Just got this during bootup. Not seen it before.

The text was updated successfully, but these errors were encountered:

bzfbd · 2023-01-31T21:43:20Z

While talking I realized that on the Ten64 I see 7 of them, all on dpaa2_ni0; could it be that we try to do something on the N=0 interface for all of them instead of N=i?

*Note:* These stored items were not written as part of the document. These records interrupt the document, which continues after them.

(* Let $G$ be a graph with no isolated vertex and let $H$ be a nontrivial graph. Then there exists a $\gamma_{(1,0)}^s(G\circ H)$-function $f$ such that $f(V(H_u))=\sum_{y\in V(H)}f(u,y)\le 2$ for every $u\in V(G)$.
   Context: All graphs are finite and simple; $N(v)$ denotes the open neighbourhood of a vertex $v$; a graph is nontrivial if it has at least two vertices. For an integer $l\ge 1$ and $w=(w_0,\dots,w_l)$ with $w_0\ge1$ and $w_i\ge 0$ integers, a function $f:V(G)\to\{0,\dots,l\}$, with $V_i=\{v: f(v)=i\}$, is a $w$-dominating function if $f(N(v))=\sum_{u\in N(v)}f(u)\ge w_i$ for every $v\in V_i$ and every $i$. Its weight is $\omega(f)=\sum_{v\in V(G)}f(v)$. For adjacent $v,u$ with $f(v)=0$, $f(u)>0$, the function $f_{u\to v}$ is defined by $f_{u\to v}(v)=1$, $f_{u\to v}(u)=f(u)-1$, and $f_{u\to v}(x)=f(x)$ otherwise. A $w$-dominating function $f$ is secure if for every $v$ with $f(v)=0$ there is $u\in N(v)$ with $f(u)>0$ such that $f_{u\to v}$ is also $w$-dominating. $\gamma_w^s(G)$ is the minimum weight of a secure $w$-dominating function, and a $\gamma_w^s(G)$-function is a secure $w$-dominating function of weight $\gamma_w^s(G)$. The lexicographic product $G\circ H$ has vertex set $V(G)\times V(H)$, with $(u,v)(x,y)$ an edge iff $ux\in E(G)$, or $u=x$ and $vy\in E(H)$. For $u\in V(G)$, $H_u$ is the subgraph of $G\circ H$ induced by $\{u\}\times V(H)$. *)

theory Defs
  imports Main
begin

definition simple_graph :: "'a set \<Rightarrow> ('a \<Rightarrow> 'a \<Rightarrow> bool) \<Rightarrow> bool" where
  "simple_graph V E \<longleftrightarrow> finite V \<and> (\<forall>x y. E x y \<longrightarrow> x \<in> V \<and> y \<in> V)
     \<and> (\<forall>x y. E x y \<longrightarrow> E y x) \<and> (\<forall>x. \<not> E x x)"

definition nbhd :: "'a set \<Rightarrow> ('a \<Rightarrow> 'a \<Rightarrow> bool) \<Rightarrow> 'a \<Rightarrow> 'a set" where
  "nbhd V E v = {u \<in> V. E v u}"

definition no_isolated :: "'a set \<Rightarrow> ('a \<Rightarrow> 'a \<Rightarrow> bool) \<Rightarrow> bool" where
  "no_isolated V E \<longleftrightarrow> (\<forall>v \<in> V. nbhd V E v \<noteq> {})"

definition nontrivial :: "'a set \<Rightarrow> bool" where
  "nontrivial V \<longleftrightarrow> card V \<ge> 2"

definition lex_V :: "'a set \<Rightarrow> 'b set \<Rightarrow> ('a \<times> 'b) set" where
  "lex_V VG VH = VG \<times> VH"

definition lex_E :: "('a \<Rightarrow> 'a \<Rightarrow> bool) \<Rightarrow> ('b \<Rightarrow> 'b \<Rightarrow> bool)
                     \<Rightarrow> ('a \<times> 'b) \<Rightarrow> ('a \<times> 'b) \<Rightarrow> bool" where
  "lex_E EG EH p q \<longleftrightarrow> EG (fst p) (fst q) \<or> (fst p = fst q \<and> EH (snd p) (snd q))"

text \<open>Weight vector w = (w_0,...,w_l) as a list of length l+1 (l = length w - 1).
  f(S) = sum of f over S.\<close>
definition fsum :: "('a \<Rightarrow> nat) \<Rightarrow> 'a set \<Rightarrow> nat" where
  "fsum f S = (\<Sum>x\<in>S. f x)"

definition w_dom :: "nat list \<Rightarrow> 'a set \<Rightarrow> ('a \<Rightarrow> 'a \<Rightarrow> bool) \<Rightarrow> ('a \<Rightarrow> nat) \<Rightarrow> bool" where
  "w_dom w V E f \<longleftrightarrow> (\<forall>v\<in>V. f v \<le> length w - 1)
     \<and> (\<forall>v\<in>V. fsum f (nbhd V E v) \<ge> w ! (f v))
     \<and> (\<forall>v. v \<notin> V \<longrightarrow> f v = 0)"

definition move :: "('a \<Rightarrow> nat) \<Rightarrow> 'a \<Rightarrow> 'a \<Rightarrow> ('a \<Rightarrow> nat)" where
  "move f u v = (\<lambda>x. if x = v then 1 else if x = u then f u - 1 else f x)"

definition secure_w_dom :: "nat list \<Rightarrow> 'a set \<Rightarrow> ('a \<Rightarrow> 'a \<Rightarrow> bool) \<Rightarrow> ('a \<Rightarrow> nat) \<Rightarrow> bool" where
  "secure_w_dom w V E f \<longleftrightarrow> w_dom w V E f \<and>
     (\<forall>v\<in>V. f v = 0 \<longrightarrow> (\<exists>u\<in>nbhd V E v. f u > 0 \<and> w_dom w V E (move f u v)))"

definition weight :: "'a set \<Rightarrow> ('a \<Rightarrow> nat) \<Rightarrow> nat" where
  "weight V f = (\<Sum>v\<in>V. f v)"

definition secure_w_dom_number :: "nat list \<Rightarrow> 'a set \<Rightarrow> ('a \<Rightarrow> 'a \<Rightarrow> bool) \<Rightarrow> nat" where
  "secure_w_dom_number w V E = (LEAST k. \<exists>f. secure_w_dom w V E f \<and> weight V f = k)"

definition is_gamma_ws_function :: "nat list \<Rightarrow> 'a set \<Rightarrow> ('a \<Rightarrow> 'a \<Rightarrow> bool) \<Rightarrow> ('a \<Rightarrow> nat) \<Rightarrow> bool" where
  "is_gamma_ws_function w V E f \<longleftrightarrow> secure_w_dom w V E f \<and> weight V f = secure_w_dom_number w V E"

dpaa2_ni0: dpaa2_ni_update_mac_filters: failed to clear multicast MAC filters: error=3
dpaa2_ni0: dpaa2_ni_ioctl: failed to update MAC filters: error=3
dpaa2_ni0: dpaa2_ni_update_mac_filters: failed to clear multicast MAC filters: error=3
dpaa2_ni0: dpaa2_ni_ioctl: failed to update MAC filters: error=3
dpaa2_ni0: dpaa2_ni_update_mac_filters: failed to clear multicast MAC filters: error=3
dpaa2_ni0: dpaa2_ni_ioctl: failed to update MAC filters: error=3
dpaa2_ni0: dpaa2_ni_update_mac_filters: failed to clear multicast MAC filters: error=3
dpaa2_ni0: dpaa2_ni_ioctl: failed to update MAC filters: error=3
dpaa2_ni0: dpaa2_ni_update_mac_filters: failed to clear multicast MAC filters: error=3
dpaa2_ni0: dpaa2_ni_ioctl: failed to update MAC filters: error=3
dpaa2_ni0: dpaa2_ni_update_mac_filters: failed to clear multicast MAC filters: error=3
dpaa2_ni0: dpaa2_ni_ioctl: failed to update MAC filters: error=3
dpaa2_ni0: dpaa2_ni_update_mac_filters: failed to clear multicast MAC filters: error=3
dpaa2_ni0: dpaa2_ni_ioctl: failed to update MAC filters: error=3
Starting Network: lo0 dpni0 dpni1 dpni2 dpni3 dpni4 dpni5 dpni6 dpni7 dpni8 dpni9.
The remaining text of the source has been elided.